**Required action**
Copy each line below in which the word "longleftrightarrow" occurs.

**Records to process**
theorem corollary2:
  fixes M :: "'a measure" and X :: "nat \<Rightarrow> 'a \<Rightarrow> real"
    and F G f g :: "real \<Rightarrow> real" and k :: "nat \<Rightarrow> nat"
    and U :: "real set" and a1 a2 \<alpha> :: real
  assumes "prob_space M"
    and indep: "prob_space.indep_vars M (\<lambda>_. borel) X {1..}"
    and distF: "\<And>i x. i \<ge> 1 \<Longrightarrow> measure M {w\<in>space M. X i w \<le> x} = F x"
    and k_le: "\<And>n. k n \<le> n"
    and a1: "liminf (\<lambda>n. ereal (real (k n) / real n)) = ereal a1"
    and a2: "limsup (\<lambda>n. ereal (real (k n) / real n)) = ereal a2"
    and a_bounds: "0 < a1" "a1 \<le> a2" "a2 < 1"
    and U_open: "open U" and U_sub: "U \<subseteq> {0<..<1}" and U_cont: "{a1..a2} \<subseteq> U"
    and f_deriv: "\<And>x. x \<in> quantile F ` U \<Longrightarrow> (F has_real_derivative f x) (at x) \<and> f x > 0"
    and g_deriv: "\<And>x. x \<in> quantile F ` U \<Longrightarrow> (G has_real_derivative g x) (at x)"
    and alpha: "\<alpha> \<ge> 1/2"
    and f_holder: "holder_on (quantile F ` U) \<alpha> f"
    and g_holder: "holder_on (quantile F ` U) \<alpha> g"
  shows "\<forall>c>0. \<exists>A>0. \<exists>C N. \<forall>n\<ge>N.
     (let xi = quantile F (real (k n) / real n);
          R = (\<lambda>w. int_mean G X n (k n) xi w
                   + (1/2) * (ecdf X n w xi - F xi)\<^sup>2 * (g xi / f xi))
      in \<exists>B\<in>sets M. {w\<in>space M. \<bar>R w\<bar> > A * (ln (real n) / real n) powr (5/4)} \<subseteq> B
                   \<and> measure M B \<le> C * real n powr (- c))"
proof -
  interpret P: prob_space M by fact
  have "X 1 \<in> borel_measurable M" using indep by (auto simp: P.indep_vars_def)
  hence rcm: "right_continuous_mono F 0 1"
    using P.right_continuous_mono_prob_le[of "X 1"] distF[of 1] by simp
  obtain lo hi where window: "lo < a1" "a2 < hi" "{lo..hi} \<subseteq> U"
    using open_Icc_enlarge[OF U_open U_cont a_bounds(2)] .
  moreover have "lo \<le> hi" using window(1,2) a_bounds(2) by linarith
  ultimately obtain K Mm where "K \<ge> 0" "Mm \<ge> 0"
    and "\<And>p. p \<in> {lo..hi} \<Longrightarrow> F (quantile F p) = p"
    and "\<And>p. p \<in> {lo..hi} \<Longrightarrow> \<bar>g (quantile F p) / f (quantile F p)\<bar> \<le> Mm"
    and "\<And>p y. p \<in> {lo..hi} \<Longrightarrow> F y \<in> {lo..<hi} \<Longrightarrow>
      \<bar>G y - G (quantile F p) - (g (quantile F p) / f (quantile F p)) * (F y - p)\<bar>
        \<le> K * \<bar>F y - p\<bar> powr (3/2)"
    using uniform_expansion[OF rcm U_sub _ _ f_deriv g_deriv alpha f_holder g_holder] by blast
  with window U_sub show ?thesis
    by (intro allI impI P.remainder_tail_bound_eventually[OF indep distF rcm k_le a1 a2]) auto
qed

end
(* Assume the network is regular, and let $j^*\in\mathcal E$ be a single child, i.e. there is $m^*\in\mathcal M$ with $m^*\vdash j^*$ such that $m^*\vdash j$ implies $j=j^*$. Then (a) such $m^*$ is unique; (b) $j^*$ influences no reaction: $j^*\not\leadsto j$ for every $j\in\mathcal E$ (including $j=j^*$); (c) the only metabolite influenced by $j^*$ is $m^*$: $j^*\leadsto m^*$ and $j^*\not\leadsto m'$ for every $m'\neq m^*$.
   Context: A reaction network consists of a finite set of metabolites $\mathcal M=\{1,\dots,M\}$ and a finite set of reactions $\mathcal E=\{1,\dots,E\}$. Each reaction $j$ has an input stoichiometric vector $y^j\in\mathbb R_{\ge0}^M$ and an output stoichiometric vector $\bar y^j\in\mathbb R_{\ge0}^M$. Write $m\vdash j$ iff $y^j_m\neq 0$. The stoichiometric matrix $S$ is the real $M\times E$ matrix whose $j$-th column is $S^j=\bar y^j-y^j$; it is assumed to have full rank $M$. The rate matrix $R=(r_{jm})$ is the $E\times M$ matrix whose entries $r_{jm}$ with $m\vdash j$ are independent indeterminates, and $r_{jm}=0$ whenever $m\not\vdash j$. "Nonzero algebraically" means nonzero as a polynomial/rational function in these indeterminates. The network is regular if $\det(SR)\ne0$ algebraically. Let $B=\begin{pmatrix}-\mathrm{id}_{\mathcal E}&R\\ S&0\end{pmatrix}$, a square matrix with rows and columns indexed by the disjoint union $\mathcal E\sqcup\mathcal M$; for a regular network it is invertible over the field of rational functions in the $r_{jm}$. For $\alpha\in\mathcal E\sqcup\mathcal M$ set $z^\alpha=-B^{-1}e_\alpha$, and write $\alpha\leadsto\beta$ for $\beta\in\mathcal E\sqcup\mathcal M$ if $z^\alpha_\beta$ is nonzero algebraically. *)

theory Defs
  imports "HOL-Analysis.Analysis"
begin

text \<open>Reaction network with metabolites of finite type 'm and reactions of finite
type 'e.  Input stoichiometry y j m, output stoichiometry ybar j m.
A rate assignment r :: 'e \<Rightarrow> 'm \<Rightarrow> real gives real values to the
indeterminates r_jm; entries with m not consumed by j are forced to 0.\<close>

definition vdash :: "('e \<Rightarrow> 'm \<Rightarrow> real) \<Rightarrow> 'm \<Rightarrow> 'e \<Rightarrow> bool" where
  "vdash y m j \<longleftrightarrow> y j m \<noteq> 0"

definition stoich :: "('e::finite \<Rightarrow> 'm::finite \<Rightarrow> real) \<Rightarrow> ('e \<Rightarrow> 'm \<Rightarrow> real) \<Rightarrow> real^'e^'m" where
  "stoich y ybar = (\<chi> m j. ybar j m - y j m)"

definition ratemat :: "('e::finite \<Rightarrow> 'm::finite \<Rightarrow> real) \<Rightarrow> ('e \<Rightarrow> 'm \<Rightarrow> real) \<Rightarrow> real^'m^'e" where
  "ratemat y r = (\<chi> j m. if vdash y m j then r j m else 0)"

definition Bmat :: "('e::finite \<Rightarrow> 'm::finite \<Rightarrow> real) \<Rightarrow> ('e \<Rightarrow> 'm \<Rightarrow> real) \<Rightarrow> ('e \<Rightarrow> 'm \<Rightarrow> real)
    \<Rightarrow> real^('e + 'm)^('e + 'm)" where
  "Bmat y ybar r = (\<chi> a b. case (a, b) of
       (Inl j, Inl j') \<Rightarrow> (if j = j' then -1 else 0)
     | (Inl j, Inr m) \<Rightarrow> ratemat y r $ j $ m
     | (Inr m, Inl j) \<Rightarrow> stoich y ybar $ m $ j
     | (Inr m, Inr m') \<Rightarrow> 0)"

text \<open>Regularity: det(SR) is a nonzero polynomial in the r_jm, i.e. nonzero at some
real point.\<close>
definition regular :: "('e::finite \<Rightarrow> 'm::finite \<Rightarrow> real) \<Rightarrow> ('e \<Rightarrow> 'm \<Rightarrow> real) \<Rightarrow> bool" where
  "regular y ybar \<longleftrightarrow> (\<exists>r. det (stoich y ybar ** ratemat y r) \<noteq> 0)"

definition zvec :: "('e::finite \<Rightarrow> 'm::finite \<Rightarrow> real) \<Rightarrow> ('e \<Rightarrow> 'm \<Rightarrow> real) \<Rightarrow> ('e \<Rightarrow> 'm \<Rightarrow> real)
    \<Rightarrow> ('e + 'm) \<Rightarrow> real^('e + 'm)" where
  "zvec y ybar r \<alpha> = - (matrix_inv (Bmat y ybar r) *v axis \<alpha> 1)"

text \<open>Influence: the rational function z^alpha_beta (denominator det B = +-det(SR))
is nonzero, i.e. nonzero at some real point where det(SR) does not vanish.\<close>
definition influences :: "('e::finite \<Rightarrow> 'm::finite \<Rightarrow> real) \<Rightarrow> ('e \<Rightarrow> 'm \<Rightarrow> real)
    \<Rightarrow> ('e + 'm) \<Rightarrow> ('e + 'm) \<Rightarrow> bool" where
  "influences y ybar \<alpha> \<beta> \<longleftrightarrow>
     (\<exists>r. det (stoich y ybar ** ratemat y r) \<noteq> 0 \<and> zvec y ybar r \<alpha> $ \<beta> \<noteq> 0)"

end

theory Submission
  imports Defs
begin

(* If m* is consumed by j* alone, the m*-th column of R is r e_{j*} with r = r_{j*m*}, and
   r cannot vanish where det(SR) does not, since R would then have a zero column.
   Consequently B (0, e_{m*}/r) = (R e_{m*}/r, 0) = e_{j*}, that is z^{j*} = -e_{m*}/r at every
   admissible rate assignment, which gives (b) and (c). A second metabolite m consumed only
   by j* would likewise force z^{j*} = -e_m/r_{j*m}, so m = m*, which is (a). *)

lemma matrix_inv_mult_vector:
  fixes A :: "'a::comm_semiring_1^'n^'n"
  assumes "invertible A"
  shows "matrix_inv A *v (A *v x) = x"
proof -
  have "matrix_inv A ** A = mat 1"
    using someI_ex[OF assms[unfolded invertible_def]] unfolding matrix_inv_def by blast
  then show ?thesis by (simp add: matrix_vector_mul_assoc)
qed

lemma invertible_mult_ker_right:
  fixes A :: "'a::field^'k^'n" and B :: "'a^'n^'k"
  assumes "invertible (A ** B)" and "B *v x = 0"
  shows "x = 0"
  using assms matrix_left_invertible_ker[of "A ** B"]
  by (metis invertible_def matrix_vector_mul_assoc matrix_vector_mult_0_right)

lemma sum_UNIV_Plus:
  fixes f :: "'a::finite + 'b::finite \<Rightarrow> 'c::comm_monoid_add"
  shows "sum f UNIV = (\<Sum>j\<in>UNIV. f (Inl j)) + (\<Sum>m\<in>UNIV. f (Inr m))"
  using sum.Plus[of "UNIV::'a set" "UNIV::'b set" f] by (simp add: o_def)

lemma Bmat_mult_vector_Inl:
  "(Bmat y ybar r *v w) $ Inl j = - w $ Inl j + (\<Sum>m\<in>UNIV. ratemat y r $ j $ m * w $ Inr m)"
proof -
  have "(\<Sum>k\<in>UNIV. (if j = k then -1 else 0) * w $ Inl k) =
      (\<Sum>k\<in>UNIV. if j = k then - w $ Inl k else 0)"
    by (rule sum.cong) auto
  then have "(\<Sum>k\<in>UNIV. (if j = k then -1 else 0) * w $ Inl k) = - w $ Inl j"
    by simp
  then show ?thesis
    unfolding matrix_vector_mult_def Bmat_def by (simp add: sum_UNIV_Plus)
qed

lemma Bmat_mult_vector_Inr:
  "(Bmat y ybar r *v w) $ Inr m = (\<Sum>j\<in>UNIV. stoich y ybar $ m $ j * w $ Inl j)"
  unfolding matrix_vector_mult_def Bmat_def by (simp add: sum_UNIV_Plus)

lemma Bmat_invertible:
  fixes y ybar r :: "'e::finite \<Rightarrow> 'm::finite \<Rightarrow> real"
  assumes "det (stoich y ybar ** ratemat y r) \<noteq> 0"
  shows "invertible (Bmat y ybar r)"
proof -
  have SR: "invertible (stoich y ybar ** ratemat y r)"
    using assms invertible_det_nz by blast
  have "w = 0" if w: "Bmat y ybar r *v w = 0" for w
  proof -
    define g :: "real^'e" where "g = (\<chi> j. w $ Inl j)"
    define x :: "real^'m" where "x = (\<chi> m. w $ Inr m)"
    have "g $ j = (ratemat y r *v x) $ j" for j
      using arg_cong[OF w, of "\<lambda>v. v $ Inl j", unfolded Bmat_mult_vector_Inl]
      by (simp add: g_def x_def matrix_vector_mult_def)
    then have g: "g = ratemat y r *v x"
      by (simp add: vec_eq_iff)
    have "(stoich y ybar *v g) $ m = 0" for m
      using arg_cong[OF w, of "\<lambda>v. v $ Inr m", unfolded Bmat_mult_vector_Inr]
      by (simp add: g_def matrix_vector_mult_def)
    then have "stoich y ybar *v g = 0"
      by (simp add: vec_eq_iff)
    then have "(stoich y ybar ** ratemat y r) *v x = 0"
      by (simp add: g flip: matrix_vector_mul_assoc)
    then have "x = 0"
      using SR matrix_left_invertible_ker invertible_def by metis
    with g have "g = 0" by simp
    show "w = 0"
    proof (subst vec_eq_iff, intro allI)
      fix b
      show "w $ b = 0 $ b"
        using \<open>x = 0\<close> \<open>g = 0\<close> by (cases b) (auto simp: vec_eq_iff g_def x_def)
    qed
  qed
  then show ?thesis
    unfolding invertible_left_inverse matrix_left_invertible_ker by blast
qed

lemma ratemat_mult_axis_single_consumer:
  assumes "\<And>j. vdash y m j \<Longrightarrow> j = jstar"
  shows "ratemat y r *v axis m c = axis jstar (c * ratemat y r $ jstar $ m)"
proof -
  have "ratemat y r $ j $ m = 0" if "j \<noteq> jstar" for j
    using assms that by (auto simp: ratemat_def)
  then show ?thesis
    by (auto simp: vec_eq_iff matrix_vector_mult_def axis_def if_distrib cong: if_cong)
qed

lemma ratemat_single_consumer_nonzero:
  assumes "det (stoich y ybar ** ratemat y r) \<noteq> 0"
    and "\<And>j. vdash y m j \<Longrightarrow> j = jstar"
  shows "ratemat y r $ jstar $ m \<noteq> 0"
proof
  assume "ratemat y r $ jstar $ m = 0"
  then have "ratemat y r *v axis m 1 = 0"
    by (simp add: ratemat_mult_axis_single_consumer[OF assms(2)])
  moreover have "invertible (stoich y ybar ** ratemat y r)"
    using assms(1) invertible_det_nz by blast
  ultimately have "axis m (1::real) = 0"
    using invertible_mult_ker_right by blast
  then show False by simp
qed

lemma Bmat_mult_axis_single_consumer:
  assumes "\<And>j. vdash y m j \<Longrightarrow> j = jstar"
  shows "Bmat y ybar r *v axis (Inr m) c = axis (Inl jstar) (c * ratemat y r $ jstar $ m)"
proof -
  have Inl: "(Bmat y ybar r *v axis (Inr m) c) $ Inl j = (ratemat y r *v axis m c) $ j" for j
    unfolding Bmat_mult_vector_Inl by (simp add: matrix_vector_mult_def axis_def)
  have Inr: "(Bmat y ybar r *v axis (Inr m) c) $ Inr m' = 0" for m'
    unfolding Bmat_mult_vector_Inr by (simp add: axis_def)
  show ?thesis
  proof (subst vec_eq_iff, intro allI)
    fix b
    show "(Bmat y ybar r *v axis (Inr m) c) $ b = axis (Inl jstar) (c * ratemat y r $ jstar $ m) $ b"
      by (cases b)
        (simp_all add: Inl Inr ratemat_mult_axis_single_consumer[OF assms], simp_all add: axis_def)
  qed
qed

lemma zvec_single_consumer:
  fixes y ybar r :: "'e::finite \<Rightarrow> 'm::finite \<Rightarrow> real"
  assumes det: "det (stoich y ybar ** ratemat y r) \<noteq> 0"
    and consumer: "\<And>j. vdash y m j \<Longrightarrow> j = jstar"
  shows "zvec y ybar r (Inl jstar) = - axis (Inr m) (1 / ratemat y r $ jstar $ m)"
proof -
  have "Bmat y ybar r *v axis (Inr m) (1 / ratemat y r $ jstar $ m) = axis (Inl jstar) 1"
    using ratemat_single_consumer_nonzero[OF det consumer]
    by (simp add: Bmat_mult_axis_single_consumer[OF consumer])
  then show ?thesis
    unfolding zvec_def by (metis Bmat_invertible[OF det] matrix_inv_mult_vector)
qed

theorem mainTheorem5:
  fixes y ybar :: "'e::finite \<Rightarrow> 'm::finite \<Rightarrow> real"
    and jstar :: 'e and mstar :: 'm
  assumes "\<And>j m. y j m \<ge> 0" and "\<And>j m. ybar j m \<ge> 0"
    and "rank (stoich y ybar) = CARD('m)"
    and "regular y ybar"
    and "vdash y mstar jstar"
    and "\<And>j. vdash y mstar j \<Longrightarrow> j = jstar"
  shows "(\<forall>m. vdash y m jstar \<and> (\<forall>j. vdash y m j \<longrightarrow> j = jstar) \<longrightarrow> m = mstar)
       \<and> (\<forall>j. \<not> influences y ybar (Inl jstar) (Inl j))
       \<and> influences y ybar (Inl jstar) (Inr mstar)
       \<and> (\<forall>m'. m' \<noteq> mstar \<longrightarrow> \<not> influences y ybar (Inl jstar) (Inr m'))"
proof -
  obtain r0 where r0: "det (stoich y ybar ** ratemat y r0) \<noteq> 0"
    using assms(4) unfolding regular_def by blast
  have z: "zvec y ybar r (Inl jstar) = - axis (Inr mstar) (1 / ratemat y r $ jstar $ mstar)"
    if "det (stoich y ybar ** ratemat y r) \<noteq> 0" for r
    using that assms(6) by (rule zvec_single_consumer)
  have unique: "m = mstar" if "\<forall>j. vdash y m j \<longrightarrow> j = jstar" for m
  proof -
    from that have consumer: "\<And>j. vdash y m j \<Longrightarrow> j = jstar" by blast
    have "zvec y ybar r0 (Inl jstar) $ Inr m \<noteq> 0"
      using ratemat_single_consumer_nonzero[OF r0 consumer]
      by (simp add: zvec_single_consumer[OF r0 consumer])
    then show ?thesis
      by (simp add: z[OF r0] axis_def split: if_splits)
  qed
  have "influences y ybar (Inl jstar) \<beta> \<longleftrightarrow> \<beta> = Inr mstar" for \<beta>
    unfolding influences_def using r0 ratemat_single_consumer_nonzero[OF r0 assms(6)]
    by (auto simp: z axis_def split: if_splits)
  with unique show ?thesis by blast
qed

end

**Written response**
  "vdash y m j \<longleftrightarrow> y j m \<noteq> 0"
  "regular y ybar \<longleftrightarrow> (\<exists>r. det (stoich y ybar ** ratemat y r) \<noteq> 0)"
  "influences y ybar \<alpha> \<beta> \<longleftrightarrow>
  have "influences y ybar (Inl jstar) \<beta> \<longleftrightarrow> \<beta> = Inr mstar" for \<beta>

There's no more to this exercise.